What would the future look like without passwords, and when might it happen

Managing your passwords online can be a chore.

Create this kind of long and complex passwords Best deterrent to internet thieves – especially for Dozens of different accounts online – It can be boring. But it is necessary, bearing in mind that Record of data breaches in the US last year.

That’s why it’s so tempting to dream of a future where no one has to constantly update and change passwords online to stay ahead of hackers and keep data safe. Here is the good news: The biggest names in the technology world They already say that the dream of a passwordless Internet is close to becoming a reality. Apple, Google and Microsoft are among those trying to pave the way.

In this hopeful future, you still have to prove your identity to gain access to your accounts and information. But at least you won’t have to remember endless strings of unique eight-character (or longer) passwords, right?

Well, maybe not quite. The answer is still a bit complicated.

What fewer password options actually exist?

In theory, removing passwords from the cybersecurity equation cancels out what was previously Call Homeland Security Secretary Michael Chertoff “By far the weakest link in cybersecurity.” More than 80% of data breaches are the result of weak or compromised passwords, According to Verizon.

in September, Microsoft announced Its users can use a full password to access services like Windows, Xbox and Microsoft 365. Microsoft users can alternatively use options like Windows Hello or Microsoft Authenticator appswhich uses fingerprints or facial recognition tools to help you log in securely.

Microsoft also allows users to sign in with a verification code sent to your phone or email, or with a physical code safety key – It’s like a USB drive – it plugs into your computer and features encryption that’s unique to you and your device.

Joy Shek, Microsoft’s Vice President of Identity, wrote in September Company blog post Those tools are like Two-factor documentation It has helped improve the security of user accounts in recent years – but hackers can still find ways to get around these extra measures. “As long as passwords are still part of the equation, they are vulnerable,” she wrote.

similarly, Google sells physical security keysand his Smart Lock app It allows you to click a button on your Android or iOS device to sign in to your Google account on the web. In May 2021, the company said that these tools were part of Google’s work toward “creating a future where you’ll one day never need a password.”

Apple devices have used Touch ID and Face ID features for several years. The company also develops files Passkey feature Allows you to use the same facial or fingerprint recognition tools to create files Recordings without password for apps and accounts on your iOS devices.

So, in a sense, there is already a future without a password here: Microsoft says Nearly 100% of company employees use passwordless options to log into company accounts. But getting every company to offer passwordless options to employees and customers will certainly take some time — and it may take a while before everyone feels safe enough to ditch passwords in favor of something new.

This isn’t the only problem either.

How safe are they?

Getting rid of passwords completely isn’t without risks.

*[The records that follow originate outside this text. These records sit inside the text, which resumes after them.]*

(* Let $\gamma$ be the Euler–Mascheroni constant and $\lambda(s)=\sum_{n\ge0}(2n+1)^{-s}$ (for real $s>1$). Then $$-\lim_{x\to\infty}\left\{\Gamma(\lambda(x)-1)-3^x+\Bigl(\frac95\Bigr)^x+\Bigl(\frac97\Bigr)^x-\Bigl(\frac{27}{25}\Bigr)^x+1\right\}=\gamma .$$
   Context: $\Gamma$ is Euler's Gamma function. *)

theory Defs
  imports "HOL-Analysis.Analysis"
begin

definition dirichlet_lambda :: "real \<Rightarrow> real" where
  "dirichlet_lambda s = (\<Sum>n. (2 * real n + 1) powr (- s))"

end

theory Submission
  imports Defs "HOL-Real_Asymp.Real_Asymp"
begin

text \<open>
  The quantity \<open>\<epsilon>(x) = \<lambda>(x) - 1 = 3^-x + 5^-x + 7^-x + 9^-x + O(11^-x)\<close> tends to \<open>0\<close> from
  above. Since \<open>\<Gamma>(1 + \<epsilon>) = \<epsilon> \<Gamma>(\<epsilon>)\<close> and \<open>\<Gamma>'(1) = -\<gamma>\<close>, we have \<open>\<Gamma>(\<epsilon>) = 1/\<epsilon> - \<gamma> + o(1)\<close>.
  With \<open>A = 3^x\<close> and \<open>s = \<epsilon> - 1/A\<close>, the second-order expansion of \<open>1/\<epsilon> = A/(1 + A s)\<close> is
  \<open>A - A^2 s + A^3 s^2 + O(A^4 s^3)\<close>. Its terms that do not vanish are
  \<open>3^x - (9/5)^x - (9/7)^x - 1 + (27/25)^x\<close>, the \<open>1\<close> being \<open>3^(2x) 9^-x\<close>; all remaining terms are
  bounded by multiples of \<open>q^x\<close> with \<open>q < 1\<close>.
\<close>

lemma summable_odd_powr:
  assumes "x > 1"
  shows "summable (\<lambda>n::nat. (2 * real n + 1) powr -x)"
proof (rule summable_comparison_test')
  have "summable (\<lambda>n::nat. real n powr -x)"
    using assms by (simp add: summable_real_powr_iff)
  then show "summable (\<lambda>n. real (Suc n) powr -x)"
    by (subst summable_Suc_iff)
  fix n :: nat
  have "(2 * real n + 1) powr -x \<le> real (Suc n) powr -x"
    using assms by (intro powr_mono2') auto
  then show "norm ((2 * real n + 1) powr -x) \<le> real (Suc n) powr -x"
    by simp
qed

definition lambda_tail :: "real \<Rightarrow> real" where
  "lambda_tail x = (\<Sum>n. (2 * real (n + 5) + 1) powr -x)"

lemma summable_lambda_tail_terms:
  assumes "x > 1"
  shows "summable (\<lambda>n::nat. (2 * real (n + 5) + 1) powr -x)"
  using summable_odd_powr[OF assms] by (subst summable_iff_shift)

lemma dirichlet_lambda_eq_lambda_tail:
  assumes "x > 1"
  shows "dirichlet_lambda x = 1 + 3 powr -x + 5 powr -x + 7 powr -x + 9 powr -x + lambda_tail x"
proof -
  have "dirichlet_lambda x = lambda_tail x + (\<Sum>n<5. (2 * real n + 1) powr -x)"
    unfolding dirichlet_lambda_def lambda_tail_def
    by (rule suminf_split_initial_segment[OF summable_odd_powr[OF assms]])
  also have "(\<Sum>n<5. (2 * real n + 1) powr -x) = 1 + 3 powr -x + 5 powr -x + 7 powr -x + 9 powr -x"
    by (simp add: numeral_eq_Suc lessThan_Suc)
  finally show ?thesis
    by simp
qed

lemma lambda_tail_nonneg:
  assumes "x > 1"
  shows "0 \<le> lambda_tail x"
  unfolding lambda_tail_def by (rule suminf_nonneg[OF summable_lambda_tail_terms[OF assms]]) simp

lemma lambda_tail_le:
  assumes "1 < y" "y \<le> x"
  shows "lambda_tail x \<le> 11 powr (y - x) * lambda_tail y"
proof -
  have "lambda_tail x \<le> (\<Sum>n. (2 * real (n + 5) + 1) powr -y * 11 powr (y - x))"
    unfolding lambda_tail_def
  proof (rule suminf_le)
    fix n :: nat
    define m where "m = 2 * real (n + 5) + 1"
    have "m \<ge> 11"
      by (simp add: m_def)
    have "m powr -x = m powr -y * m powr (y - x)"
      by (simp flip: powr_add)
    also have "\<dots> \<le> m powr -y * 11 powr (y - x)"
      using \<open>m \<ge> 11\<close> assms by (intro mult_left_mono powr_mono2') auto
    finally show "m powr -x \<le> m powr -y * 11 powr (y - x)" .
  qed (use summable_lambda_tail_terms assms in \<open>auto intro: summable_mult2\<close>)
  also have "\<dots> = 11 powr (y - x) * lambda_tail y"
    using suminf_mult2[OF summable_lambda_tail_terms[OF assms(1)], of "11 powr (y - x)"]
    unfolding lambda_tail_def by (simp add: mult.commute)
  finally show ?thesis .
qed

text \<open>Any base strictly between 9 and 11 would do: below 11 to dominate the tail, above 9 so that
  \<open>3^(2x)\<close> times the bound still vanishes.\<close>

lemma eventually_lambda_tail_le: "eventually (\<lambda>x. lambda_tail x \<le> 10 powr -x) at_top"
proof -
  have "((\<lambda>x::real. 121 * lambda_tail 2 * (10/11) powr x) \<longlongrightarrow> 0) at_top"
    by real_asymp
  then have "eventually (\<lambda>x::real. 121 * lambda_tail 2 * (10/11) powr x < 1) at_top"
    by (rule order_tendstoD) simp
  then show ?thesis
    using eventually_ge_at_top[of "2::real"]
  proof eventually_elim
    case (elim x)
    have "lambda_tail x \<le> 11 powr (2 - x) * lambda_tail 2"
      using elim by (intro lambda_tail_le) auto
    also have "\<dots> = (121 * lambda_tail 2 * (10/11) powr x) * 10 powr -x"
      by (simp add: powr_diff powr_minus_divide powr_divide)
    also have "\<dots> \<le> 10 powr -x"
      using elim lambda_tail_nonneg[of 2] by (intro mult_left_le_one_le) auto
    finally show ?case .
  qed
qed

lemma dirichlet_lambda_minus_1_tendsto: "filterlim (\<lambda>x. dirichlet_lambda x - 1) (at_right 0) at_top"
proof (rule tendsto_imp_filterlim_at_right)
  have bounds: "eventually (\<lambda>x. 3 powr -x \<le> dirichlet_lambda x - 1 \<and>
      dirichlet_lambda x - 1 \<le> 3 powr -x + 5 powr -x + 7 powr -x + 9 powr -x + 10 powr -x) at_top"
    using eventually_lambda_tail_le eventually_gt_at_top[of "1::real"]
    by eventually_elim (auto simp: dirichlet_lambda_eq_lambda_tail dest: lambda_tail_nonneg)
  show "((\<lambda>x. dirichlet_lambda x - 1) \<longlongrightarrow> 0) at_top"
  proof (rule tendsto_sandwich)
    show "((\<lambda>x::real. 3 powr -x) \<longlongrightarrow> 0) at_top"
      by real_asymp
    show "((\<lambda>x::real. 3 powr -x + 5 powr -x + 7 powr -x + 9 powr -x + 10 powr -x) \<longlongrightarrow> 0) at_top"
      by real_asymp
  qed (use bounds in \<open>auto elim: eventually_mono\<close>)
  show "eventually (\<lambda>x. dirichlet_lambda x - 1 > 0) at_top"
    using bounds
  proof eventually_elim
    case (elim x)
    have "0 < (3::real) powr -x"
      by simp
    with elim show ?case
      by linarith
  qed
qed

lemma inverse_add_second_order_le:
  fixes A s :: real
  assumes "A > 0" "s \<ge> 0"
  shows "\<bar>1 / (1/A + s) - A + A^2 * s - A^3 * s^2\<bar> \<le> A^4 * s^3"
proof -
  define u where "u = A * s"
  have "u \<ge> 0" "A * u^3 \<ge> 0"
    using assms by (simp_all add: u_def)
  have "1 / (1/A + s) = A / (1 + u)"
    using assms by (simp add: u_def field_simps)
  also have "\<dots> = A - A * u + A * u^2 - A * u^3 / (1 + u)"
    using \<open>u \<ge> 0\<close> by (simp add: field_simps power2_eq_square power3_eq_cube)
  finally have "1 / (1/A + s) - A + A^2 * s - A^3 * s^2 = - (A * u^3 / (1 + u))"
    by (simp add: u_def power2_eq_square power3_eq_cube algebra_simps)
  moreover have "A * u^3 / (1 + u) \<le> A * u^3"
    using \<open>u \<ge> 0\<close> \<open>A * u^3 \<ge> 0\<close> by (simp add: divide_le_eq mult_le_cancel_left1)
  moreover have "A * u^3 = A^4 * s^3"
    by (simp add: u_def power_mult_distrib power4_eq_xxxx power3_eq_cube)
  ultimately show ?thesis
    using \<open>u \<ge> 0\<close> \<open>A * u^3 \<ge> 0\<close> by simp
qed

lemma inverse_perturbed_expansion_le:
  fixes A b c r t :: real
  assumes "A > 0" "0 \<le> c" "c \<le> 2 * b" "0 \<le> r" "r \<le> t" "t \<le> b"
  shows "\<bar>1 / (1/A + b + c + r) - A + A^2 * (b + c) - A^3 * b^2\<bar>
           \<le> A^2 * t + 5 * A^3 * b * (c + t) + 64 * A^4 * b^3"
proof -
  define s where "s = b + c + r"
  have "0 \<le> b" "b \<le> s" "s \<le> 4 * b"
    using assms by (auto simp: s_def)
  have split: "1 / (1/A + b + c + r) - A + A^2 * (b + c) - A^3 * b^2
      = (1 / (1/A + s) - A + A^2 * s - A^3 * s^2) - A^2 * r + A^3 * (s - b) * (s + b)"
    by (simp add: s_def add.assoc algebra_simps power2_eq_square power3_eq_cube)
  have "\<bar>1 / (1/A + s) - A + A^2 * s - A^3 * s^2\<bar> \<le> A^4 * s^3"
    using assms \<open>b \<le> s\<close> \<open>0 \<le> b\<close> by (intro inverse_add_second_order_le) auto
  also have "\<dots> \<le> A^4 * (4 * b)^3"
    using assms \<open>b \<le> s\<close> \<open>0 \<le> b\<close> \<open>s \<le> 4 * b\<close> by (intro mult_left_mono power_mono) auto
  finally have quadratic: "\<bar>1 / (1/A + s) - A + A^2 * s - A^3 * s^2\<bar> \<le> 64 * A^4 * b^3"
    by (simp add: power_mult_distrib)
  have "A^2 * r \<le> A^2 * t" "0 \<le> A^2 * r"
    using assms by (simp_all add: mult_left_mono)
  moreover have "A^3 * (s - b) * (s + b) \<le> A^3 * (c + t) * (5 * b)"
    using assms \<open>0 \<le> b\<close> \<open>b \<le> s\<close> \<open>s \<le> 4 * b\<close>
    by (intro mult_mono mult_left_mono) (auto simp: s_def)
  moreover have "0 \<le> A^3 * (s - b) * (s + b)"
    using assms \<open>0 \<le> b\<close> \<open>b \<le> s\<close> by simp
  ultimately show ?thesis
    unfolding split using quadratic by (simp add: abs_le_iff algebra_simps)
qed

lemma inverse_dirichlet_lambda_minus_1_expansion:
  "((\<lambda>x. 1 / (dirichlet_lambda x - 1) - 3 powr x + (9/5) powr x + (9/7) powr x
      - (27/25) powr x + 1) \<longlongrightarrow> 0) at_top"
proof (rule Lim_null_comparison)
  show "eventually (\<lambda>x. norm (1 / (dirichlet_lambda x - 1) - 3 powr x + (9/5) powr x
      + (9/7) powr x - (27/25) powr x + 1) \<le> (9/10) powr x
      + 5 * ((27/35) powr x + (3/5) powr x + (27/50) powr x) + 64 * (81/125) powr x) at_top"
    using eventually_lambda_tail_le eventually_gt_at_top[of "1::real"]
  proof eventually_elim
    case (elim x)
    define A b c t :: real
      where "A = 3 powr x" and "b = 5 powr -x" and "c = 7 powr -x + 9 powr -x" and "t = 10 powr -x"
    have "7 powr -x \<le> b" "9 powr -x \<le> b" "t \<le> b"
      using elim by (auto simp: b_def t_def intro!: powr_mono2')
    then have "c \<le> 2 * b"
      by (simp add: c_def)
    have "dirichlet_lambda x - 1 = 1/A + b + c + lambda_tail x"
      using elim by (simp add: dirichlet_lambda_eq_lambda_tail A_def b_def c_def powr_minus_divide)
    moreover have "A^2 * (b + c) - A^3 * b^2 = (9/5) powr x + (9/7) powr x + 1 - (27/25) powr x"
      by (simp add: A_def b_def c_def algebra_simps power2_eq_square power3_eq_cube
          powr_minus_divide flip: powr_mult powr_divide)
    moreover have "A^2 * t + 5 * A^3 * b * (c + t) + 64 * A^4 * b^3 = (9/10) powr x
        + 5 * ((27/35) powr x + (3/5) powr x + (27/50) powr x) + 64 * (81/125) powr x"
      by (simp add: A_def b_def c_def t_def algebra_simps power2_eq_square power3_eq_cube
          power4_eq_xxxx powr_minus_divide flip: powr_mult powr_divide)
    moreover have "\<bar>1 / (1/A + b + c + lambda_tail x) - A + A^2 * (b + c) - A^3 * b^2\<bar>
        \<le> A^2 * t + 5 * A^3 * b * (c + t) + 64 * A^4 * b^3"
      using elim \<open>c \<le> 2 * b\<close> \<open>t \<le> b\<close> lambda_tail_nonneg[of x]
      by (intro inverse_perturbed_expansion_le) (auto simp: A_def c_def t_def)
    ultimately show ?case
      by (simp add: A_def algebra_simps)
  qed
  show "((\<lambda>x::real. (9/10) powr x + 5 * ((27/35) powr x + (3/5) powr x + (27/50) powr x)
      + 64 * (81/125) powr x) \<longlongrightarrow> 0) at_top"
    by (intro tendsto_add_zero tendsto_mult_right_zero; real_asymp)
qed

lemma Gamma_minus_inverse_tendsto: "((\<lambda>e::real. Gamma e - 1/e) \<longlongrightarrow> - euler_mascheroni) (at_right 0)"
proof -
  have "(Gamma has_field_derivative - euler_mascheroni) (at (1::real))"
    using has_field_derivative_Gamma[of "1::real"] by simp
  then have "((\<lambda>h. (Gamma (1 + h) - Gamma 1) / h) \<longlongrightarrow> - euler_mascheroni) (at_right (0::real))"
    by (auto simp: DERIV_def intro: tendsto_mono[OF at_within_le_at])
  moreover have "eventually (\<lambda>h::real. (Gamma (1 + h) - Gamma 1) / h = Gamma h - 1/h) (at_right 0)"
    using eventually_at_right_less[of 0]
  proof eventually_elim
    case (elim h)
    then have "Gamma (h + 1) = h * Gamma h"
      by (intro Gamma_plus1) (auto elim!: nonpos_Ints_cases)
    with elim show ?case
      by (simp add: field_simps add.commute)
  qed
  ultimately show ?thesis
    by (rule Lim_transform_eventually)
qed

theorem mainTheorem12:
  shows "((\<lambda>x::real. Gamma (dirichlet_lambda x - 1) - 3 powr x + (9/5) powr x
            + (9/7) powr x - (27/25) powr x + 1) \<longlongrightarrow> - euler_mascheroni) at_top"
proof -
  have "((\<lambda>x. Gamma (dirichlet_lambda x - 1) - 1 / (dirichlet_lambda x - 1)) \<longlongrightarrow> - euler_mascheroni) at_top"
    by (rule filterlim_compose[OF Gamma_minus_inverse_tendsto dirichlet_lambda_minus_1_tendsto])
  from tendsto_add[OF this inverse_dirichlet_lambda_minus_1_expansion]
  show ?thesis
    by (simp add: algebra_simps)
qed

end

First, hackers can intercept verification codes sent via email or text messages. Even scarier: Hackers have demonstrated the ability to trick fingerprint and facial recognition systems, sometimes by Your vital data stolen. Although it can be annoying to change your password, it is difficult to change your face or fingerprints.

Second, some no-password options today still require you to create a PIN or security questions to back up your account. This is not much different from having a password. In other words, tech companies have not yet mastered the technology.

And third, there is the issue of widespread adoption. Like wired Last year pointed out, most passwordless features require you to have a smartphone or some other type of device that’s fairly new. And while the vast majority of Americans own a smartphone, these devices vary widely in terms of age and internal hardware.

In addition, tech companies still need to make online accounts accessible across multiple platforms, not just on smartphones – as well as for people who don’t own smartphones at all, about 15% from the United States

In other words, it will likely be some time before passwords are completely extinct. Enjoy typing long, complex character strings into login boxes while you can.